Since 2007, when the West began its energy starvation diet, Chinese energy consumption has increased by well over 50 percent and its electricity consumption has increased by over 200 percent. In 2007, the US was consuming 30 percent more electricity than China, but China's electricity use is now 70 percent higher than that of the US. Moreover, China is 90 percent reliant on thermodynamically superior fossil fuels and nuclear energy, and only some of the immense wealth being generated in China by these fuels is being exported. What are they doing with the rest? Time will tell.

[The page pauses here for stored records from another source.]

(* Let $P:\mathcal C^{op}\to\mathbf{Pos}$ be a doctrine and $\mathsf K=(K,\kappa,\mu,\nu)$ a comonad on $P$ in $\mathbf{IdxPos}$. Let $\mathcal C_K$, $P^{\mathsf K}$ and $(U,u):P^{\mathsf K}\to P$ be as follows: $\mathcal C_K$ is the category of $K$-coalgebras, $P^{\mathsf K}(C,c)=\{\alpha\in PC\mid\alpha\le P(c)(\kappa_C\alpha)\}$ with reindexing by restriction of that of $P$, $U$ is the forgetful functor and $u$ the family of inclusions $P^{\mathsf K}(C,c)\hookrightarrow PC$. Let $\hat K:\mathcal C\to\mathcal C_K$ be the cofree coalgebra functor $\hat KX=(KX,\mu_X)$, and let $\eta^{\mathsf K}:\mathrm{Id}_{\mathcal C_K}\Rightarrow\hat KU$ be given by $\eta^{\mathsf K}_{(X,c)}=c$. Then $\kappa$ (with components $\kappa_X:PX\to P^{\mathsf K}(KX,\mu_X)$) defines a 1-arrow $(\hat K,\kappa):P\to P^{\mathsf K}$, and $(U,u)\dashv(\hat K,\kappa)$ is an adjunction in $\mathbf{IdxPos}$ with unit $\eta^{\mathsf K}$ and counit $\nu$.
   Context: A doctrine is a functor $P:\mathcal C^{op}\to\mathbf{Pos}$; for $t:X\to Y$, $P(t):PY\to PX$ is reindexing. In the 2-category $\mathbf{IdxPos}$, a 1-arrow $(F,f):P\to Q$ (with $P:\mathcal C^{op}\to\mathbf{Pos}$, $Q:\mathcal D^{op}\to\mathbf{Pos}$) is a functor $F:\mathcal C\to\mathcal D$ with a natural transformation $f:P\Rightarrow Q\circ F^{op}$; a 2-arrow $\theta:(F,f)\Rightarrow(F',f')$ is a natural transformation $\theta:F\Rightarrow F'$ with $f_X(\alpha)\le Q(\theta_X)(f'_X(\alpha))$ for all $X,\alpha$; composition of $(G,g)$ then $(F,f)$ is $(FG,(fG^{op})\cdot g)$ (components $f_{GX}\circ g_X$), and 2-arrows compose as natural transformations. A comonad on $P$ in $\mathbf{IdxPos}$ amounts to $(K,\kappa,\mu,\nu)$ where $(K,\mu,\nu)$ is a comonad on $\mathcal C$, $\kappa:P\Rightarrow PK^{op}$ is natural, and for all $X$, $\kappa_X\le P(\mu_X)\circ\kappa_{KX}\circ\kappa_X$ and $\kappa_X\le P(\nu_X)$ pointwise. Adjunctions in $\mathbf{IdxPos}$ are in the usual 2-categorical sense. $K$-coalgebras are pairs $(C,c:C\to KC)$ with $\nu_C c=\mathrm{id}$, $\mu_C c=Kc\circ c$. *)

theory Defs
  imports Main
begin

record ('o,'a) cat =
  Ob  :: "'o set"
  Ar  :: "'a set"
  Dom :: "'a \<Rightarrow> 'o"
  Cod :: "'a \<Rightarrow> 'o"
  Idt :: "'o \<Rightarrow> 'a"
  Cmp :: "'a \<Rightarrow> 'a \<Rightarrow> 'a"   (* Cmp C g f = g after f *)

definition hom :: "('o,'a) cat \<Rightarrow> 'o \<Rightarrow> 'o \<Rightarrow> 'a set" where
  "hom C X Y = {f \<in> Ar C. Dom C f = X \<and> Cod C f = Y}"

definition category :: "('o,'a) cat \<Rightarrow> bool" where
  "category C \<longleftrightarrow>
     (\<forall>f\<in>Ar C. Dom C f \<in> Ob C \<and> Cod C f \<in> Ob C) \<and>
     (\<forall>X\<in>Ob C. Idt C X \<in> hom C X X) \<and>
     (\<forall>f\<in>Ar C. \<forall>g\<in>Ar C. Cod C f = Dom C g \<longrightarrow> Cmp C g f \<in> hom C (Dom C f) (Cod C g)) \<and>
     (\<forall>f\<in>Ar C. Cmp C (Idt C (Cod C f)) f = f \<and> Cmp C f (Idt C (Dom C f)) = f) \<and>
     (\<forall>f\<in>Ar C. \<forall>g\<in>Ar C. \<forall>h\<in>Ar C. Cod C f = Dom C g \<longrightarrow> Cod C g = Dom C h \<longrightarrow>
        Cmp C h (Cmp C g f) = Cmp C (Cmp C h g) f)"

type_synonym ('o,'a,'o2,'a2) ftr = "('o \<Rightarrow> 'o2) \<times> ('a \<Rightarrow> 'a2)"

abbreviation fo :: "('o,'a,'o2,'a2) ftr \<Rightarrow> 'o \<Rightarrow> 'o2" where "fo F \<equiv> fst F"
abbreviation fa :: "('o,'a,'o2,'a2) ftr \<Rightarrow> 'a \<Rightarrow> 'a2" where "fa F \<equiv> snd F"

definition is_functor :: "('o,'a) cat \<Rightarrow> ('o2,'a2) cat \<Rightarrow> ('o,'a,'o2,'a2) ftr \<Rightarrow> bool" where
  "is_functor C D F \<longleftrightarrow> category C \<and> category D \<and>
     (\<forall>X\<in>Ob C. fo F X \<in> Ob D) \<and>
     (\<forall>f\<in>Ar C. fa F f \<in> hom D (fo F (Dom C f)) (fo F (Cod C f))) \<and>
     (\<forall>X\<in>Ob C. fa F (Idt C X) = Idt D (fo F X)) \<and>
     (\<forall>f\<in>Ar C. \<forall>g\<in>Ar C. Cod C f = Dom C g \<longrightarrow>
        fa F (Cmp C g f) = Cmp D (fa F g) (fa F f))"

definition ftr_id :: "('o,'a,'o,'a) ftr" where
  "ftr_id = (\<lambda>X. X, \<lambda>f. f)"

definition ftr_comp :: "('o2,'a2,'o3,'a3) ftr \<Rightarrow> ('o,'a,'o2,'a2) ftr \<Rightarrow> ('o,'a,'o3,'a3) ftr" where
  "ftr_comp G F = (\<lambda>X. fo G (fo F X), \<lambda>f. fa G (fa F f))"

definition nat_trans :: "('o,'a) cat \<Rightarrow> ('o2,'a2) cat \<Rightarrow> ('o,'a,'o2,'a2) ftr \<Rightarrow> ('o,'a,'o2,'a2) ftr
     \<Rightarrow> ('o \<Rightarrow> 'a2) \<Rightarrow> bool" where
  "nat_trans C D F G \<theta> \<longleftrightarrow> is_functor C D F \<and> is_functor C D G \<and>
     (\<forall>X\<in>Ob C. \<theta> X \<in> hom D (fo F X) (fo G X)) \<and>
     (\<forall>f\<in>Ar C. Cmp D (\<theta> (Cod C f)) (fa F f) = Cmp D (fa G f) (\<theta> (Dom C f)))"

definition comonad :: "('o,'a) cat \<Rightarrow> ('o,'a,'o,'a) ftr \<Rightarrow> ('o \<Rightarrow> 'a) \<Rightarrow> ('o \<Rightarrow> 'a) \<Rightarrow> bool" where
  "comonad C K \<mu> \<nu> \<longleftrightarrow> is_functor C C K \<and>
     nat_trans C C K (ftr_comp K K) \<mu> \<and> nat_trans C C K ftr_id \<nu> \<and>
     (\<forall>X\<in>Ob C. Cmp C (\<nu> (fo K X)) (\<mu> X) = Idt C (fo K X)) \<and>
     (\<forall>X\<in>Ob C. Cmp C (fa K (\<nu> X)) (\<mu> X) = Idt C (fo K X)) \<and>
     (\<forall>X\<in>Ob C. Cmp C (\<mu> (fo K X)) (\<mu> X) = Cmp C (fa K (\<mu> X)) (\<mu> X))"

text \<open>A doctrine \<open>P : C^op \<rightarrow> Pos\<close>: base category, fibre posets (carrier + order),
  reindexing \<open>Rx t : P Y \<rightarrow> P X\<close> for \<open>t : X \<rightarrow> Y\<close>.\<close>

record ('o,'a,'p) doct =
  Base :: "('o,'a) cat"
  Fib  :: "'o \<Rightarrow> 'p set"
  Le   :: "'o \<Rightarrow> 'p \<Rightarrow> 'p \<Rightarrow> bool"
  Rx   :: "'a \<Rightarrow> 'p \<Rightarrow> 'p"

definition doctrine :: "('o,'a,'p) doct \<Rightarrow> bool" where
  "doctrine P \<longleftrightarrow> category (Base P) \<and>
     (\<forall>X\<in>Ob (Base P).
        (\<forall>a\<in>Fib P X. Le P X a a) \<and>
        (\<forall>a\<in>Fib P X. \<forall>b\<in>Fib P X. Le P X a b \<longrightarrow> Le P X b a \<longrightarrow> a = b) \<and>
        (\<forall>a\<in>Fib P X. \<forall>b\<in>Fib P X. \<forall>c\<in>Fib P X. Le P X a b \<longrightarrow> Le P X b c \<longrightarrow> Le P X a c)) \<and>
     (\<forall>t\<in>Ar (Base P). \<forall>a\<in>Fib P (Cod (Base P) t). Rx P t a \<in> Fib P (Dom (Base P) t)) \<and>
     (\<forall>t\<in>Ar (Base P). \<forall>a\<in>Fib P (Cod (Base P) t). \<forall>b\<in>Fib P (Cod (Base P) t).
        Le P (Cod (Base P) t) a b \<longrightarrow> Le P (Dom (Base P) t) (Rx P t a) (Rx P t b)) \<and>
     (\<forall>X\<in>Ob (Base P). \<forall>a\<in>Fib P X. Rx P (Idt (Base P) X) a = a) \<and>
     (\<forall>f\<in>Ar (Base P). \<forall>g\<in>Ar (Base P). Cod (Base P) f = Dom (Base P) g \<longrightarrow>
        (\<forall>a\<in>Fib P (Cod (Base P) g). Rx P (Cmp (Base P) g f) a = Rx P f (Rx P g a)))"

text \<open>1-arrows \<open>(F,f) : P \<rightarrow> Q\<close>: a functor and a natural transformation
  \<open>f : P \<Rightarrow> Q \<circ> F^op\<close> with monotone components.\<close>

type_synonym ('o,'a,'p,'o2,'a2,'q) arr1 = "('o,'a,'o2,'a2) ftr \<times> ('o \<Rightarrow> 'p \<Rightarrow> 'q)"

definition one_arrow :: "('o,'a,'p) doct \<Rightarrow> ('o2,'a2,'q) doct \<Rightarrow> ('o,'a,'p,'o2,'a2,'q) arr1 \<Rightarrow> bool" where
  "one_arrow P Q A \<longleftrightarrow> doctrine P \<and> doctrine Q \<and>
     is_functor (Base P) (Base Q) (fst A) \<and>
     (\<forall>X\<in>Ob (Base P). \<forall>a\<in>Fib P X. snd A X a \<in> Fib Q (fo (fst A) X)) \<and>
     (\<forall>X\<in>Ob (Base P). \<forall>a\<in>Fib P X. \<forall>b\<in>Fib P X. Le P X a b \<longrightarrow>
        Le Q (fo (fst A) X) (snd A X a) (snd A X b)) \<and>
     (\<forall>t\<in>Ar (Base P). \<forall>a\<in>Fib P (Cod (Base P) t).
        snd A (Dom (Base P) t) (Rx P t a) = Rx Q (fa (fst A) t) (snd A (Cod (Base P) t) a))"

definition two_arrow :: "('o,'a,'p) doct \<Rightarrow> ('o2,'a2,'q) doct \<Rightarrow> ('o,'a,'p,'o2,'a2,'q) arr1
     \<Rightarrow> ('o,'a,'p,'o2,'a2,'q) arr1 \<Rightarrow> ('o \<Rightarrow> 'a2) \<Rightarrow> bool" where
  "two_arrow P Q A B \<theta> \<longleftrightarrow> one_arrow P Q A \<and> one_arrow P Q B \<and>
     nat_trans (Base P) (Base Q) (fst A) (fst B) \<theta> \<and>
     (\<forall>X\<in>Ob (Base P). \<forall>a\<in>Fib P X.
        Le Q (fo (fst A) X) (snd A X a) (Rx Q (\<theta> X) (snd B X a)))"

definition arr1_id :: "('o,'a,'p,'o,'a,'p) arr1" where
  "arr1_id = (ftr_id, \<lambda>X a. a)"

text \<open>\<open>arr1_comp B A\<close>: first \<open>A = (G,g)\<close>, then \<open>B = (F,f)\<close>; result \<open>(FG, f_{G-} \<circ> g)\<close>.\<close>

definition arr1_comp :: "('o2,'a2,'q,'o3,'a3,'r) arr1 \<Rightarrow> ('o,'a,'p,'o2,'a2,'q) arr1
     \<Rightarrow> ('o,'a,'p,'o3,'a3,'r) arr1" where
  "arr1_comp B A = (ftr_comp (fst B) (fst A), \<lambda>X a. snd B (fo (fst A) X) (snd A X a))"

text \<open>Adjunction \<open>L \<stileturn> R\<close> in IdxPos, \<open>L : P \<rightarrow> Q\<close>, \<open>R : Q \<rightarrow> P\<close>, with unit
  \<open>\<eta> : id \<Rightarrow> R L\<close> and counit \<open>\<epsilon> : L R \<Rightarrow> id\<close> and the triangle identities
  (vertical composition of 2-arrows is componentwise composition).\<close>

definition adjunction :: "('o,'a,'p) doct \<Rightarrow> ('o2,'a2,'q) doct \<Rightarrow> ('o,'a,'p,'o2,'a2,'q) arr1
     \<Rightarrow> ('o2,'a2,'q,'o,'a,'p) arr1 \<Rightarrow> ('o \<Rightarrow> 'a) \<Rightarrow> ('o2 \<Rightarrow> 'a2) \<Rightarrow> bool" where
  "adjunction P Q L R \<eta> \<epsilon> \<longleftrightarrow> one_arrow P Q L \<and> one_arrow Q P R \<and>
     two_arrow P P arr1_id (arr1_comp R L) \<eta> \<and>
     two_arrow Q Q (arr1_comp L R) arr1_id \<epsilon> \<and>
     (\<forall>X\<in>Ob (Base P). Cmp (Base Q) (\<epsilon> (fo (fst L) X)) (fa (fst L) (\<eta> X)) = Idt (Base Q) (fo (fst L) X)) \<and>
     (\<forall>Y\<in>Ob (Base Q). Cmp (Base P) (fa (fst R) (\<epsilon> Y)) (\<eta> (fo (fst R) Y)) = Idt (Base P) (fo (fst R) Y))"

definition doct_comonad :: "('o,'a,'p) doct \<Rightarrow> ('o,'a,'o,'a) ftr \<Rightarrow> ('o \<Rightarrow> 'p \<Rightarrow> 'p)
     \<Rightarrow> ('o \<Rightarrow> 'a) \<Rightarrow> ('o \<Rightarrow> 'a) \<Rightarrow> bool" where
  "doct_comonad P K \<kappa> \<mu> \<nu> \<longleftrightarrow> comonad (Base P) K \<mu> \<nu> \<and> one_arrow P P (K, \<kappa>) \<and>
     (\<forall>X\<in>Ob (Base P). \<forall>a\<in>Fib P X.
        Le P (fo K X) (\<kappa> X a) (Rx P (\<mu> X) (\<kappa> (fo K X) (\<kappa> X a))) \<and>
        Le P (fo K X) (\<kappa> X a) (Rx P (\<nu> X) a))"

text \<open>Objects of \<open>C_K\<close>: coalgebras \<open>(C,c)\<close>. Arrows: triples (source, target, underlying arrow).\<close>

definition coalg_ob :: "('o,'a) cat \<Rightarrow> ('o,'a,'o,'a) ftr \<Rightarrow> ('o \<Rightarrow> 'a) \<Rightarrow> ('o \<Rightarrow> 'a) \<Rightarrow> ('o \<times> 'a) set" where
  "coalg_ob C K \<mu> \<nu> = {(X, c). X \<in> Ob C \<and> c \<in> hom C X (fo K X) \<and>
      Cmp C (\<nu> X) c = Idt C X \<and> Cmp C (\<mu> X) c = Cmp C (fa K c) c}"

definition coalg_cat :: "('o,'a) cat \<Rightarrow> ('o,'a,'o,'a) ftr \<Rightarrow> ('o \<Rightarrow> 'a) \<Rightarrow> ('o \<Rightarrow> 'a)
     \<Rightarrow> ('o \<times> 'a, ('o \<times> 'a) \<times> ('o \<times> 'a) \<times> 'a) cat" where
  "coalg_cat C K \<mu> \<nu> = \<lparr>
     Ob = coalg_ob C K \<mu> \<nu>,
     Ar = {(A, B, f). A \<in> coalg_ob C K \<mu> \<nu> \<and> B \<in> coalg_ob C K \<mu> \<nu> \<and>
             f \<in> hom C (fst A) (fst B) \<and> Cmp C (snd B) f = Cmp C (fa K f) (snd A)},
     Dom = (\<lambda>h. fst h),
     Cod = (\<lambda>h. fst (snd h)),
     Idt = (\<lambda>A. (A, A, Idt C (fst A))),
     Cmp = (\<lambda>g f. (fst f, fst (snd g), Cmp C (snd (snd g)) (snd (snd f)))) \<rparr>"

definition coalg_doct :: "('o,'a,'p) doct \<Rightarrow> ('o,'a,'o,'a) ftr \<Rightarrow> ('o \<Rightarrow> 'p \<Rightarrow> 'p)
     \<Rightarrow> ('o \<Rightarrow> 'a) \<Rightarrow> ('o \<Rightarrow> 'a) \<Rightarrow> ('o \<times> 'a, ('o \<times> 'a) \<times> ('o \<times> 'a) \<times> 'a, 'p) doct" where
  "coalg_doct P K \<kappa> \<mu> \<nu> = \<lparr>
     Base = coalg_cat (Base P) K \<mu> \<nu>,
     Fib = (\<lambda>(C, c). {a \<in> Fib P C. Le P C a (Rx P c (\<kappa> C a))}),
     Le = (\<lambda>A. Le P (fst A)),
     Rx = (\<lambda>h. Rx P (snd (snd h))) \<rparr>"

definition forget_arr :: "(('o \<times> 'a), ('o \<times> 'a) \<times> ('o \<times> 'a) \<times> 'a, 'p, 'o, 'a, 'p) arr1" where
  "forget_arr = ((\<lambda>A. fst A, \<lambda>h. snd (snd h)), \<lambda>A a. a)"

definition cofree :: "('o,'a) cat \<Rightarrow> ('o,'a,'o,'a) ftr \<Rightarrow> ('o \<Rightarrow> 'a)
     \<Rightarrow> ('o, 'a, 'o \<times> 'a, ('o \<times> 'a) \<times> ('o \<times> 'a) \<times> 'a) ftr" where
  "cofree C K \<mu> = (\<lambda>X. (fo K X, \<mu> X),
      \<lambda>f. ((fo K (Dom C f), \<mu> (Dom C f)), (fo K (Cod C f), \<mu> (Cod C f)), fa K f))"

definition coalg_unit :: "('o,'a,'o,'a) ftr \<Rightarrow> ('o \<Rightarrow> 'a) \<Rightarrow> ('o \<times> 'a) \<Rightarrow> ('o \<times> 'a) \<times> ('o \<times> 'a) \<times> 'a" where
  "coalg_unit K \<mu> A = (A, (fo K (fst A), \<mu> (fst A)), snd A)"

end

theory Submission
  imports Defs
begin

IV. The West must change course
But right now, as a matter of extreme urgency, the West must reverse the decline in the quality of its energy supply and the consequent collapse in energy consumption. Further improvements in energy efficiency might help protect consumers over the short term by keeping money in the bank and shielding them from the consequences of bad energy policies, but they are not a long-term substitute for a healthy and physically sound energy supply. If we value the quality of human lives—if we value our freedom—then toying with low-density energy sources is an indulgence; and if reducing carbon emissions is a requirement, as we believe it is, then reason shows that fossil fuels are the necessary bridge to a nuclear-based, low-carbon future.
With the Chinese economy on a thermodynamically sound footing and those in the West very much not, the world has turned upside down in the blink of an eye. The economic consequences of this are serious, the security implications potentially terrifying. Our energy blindness is both costly and dangerous.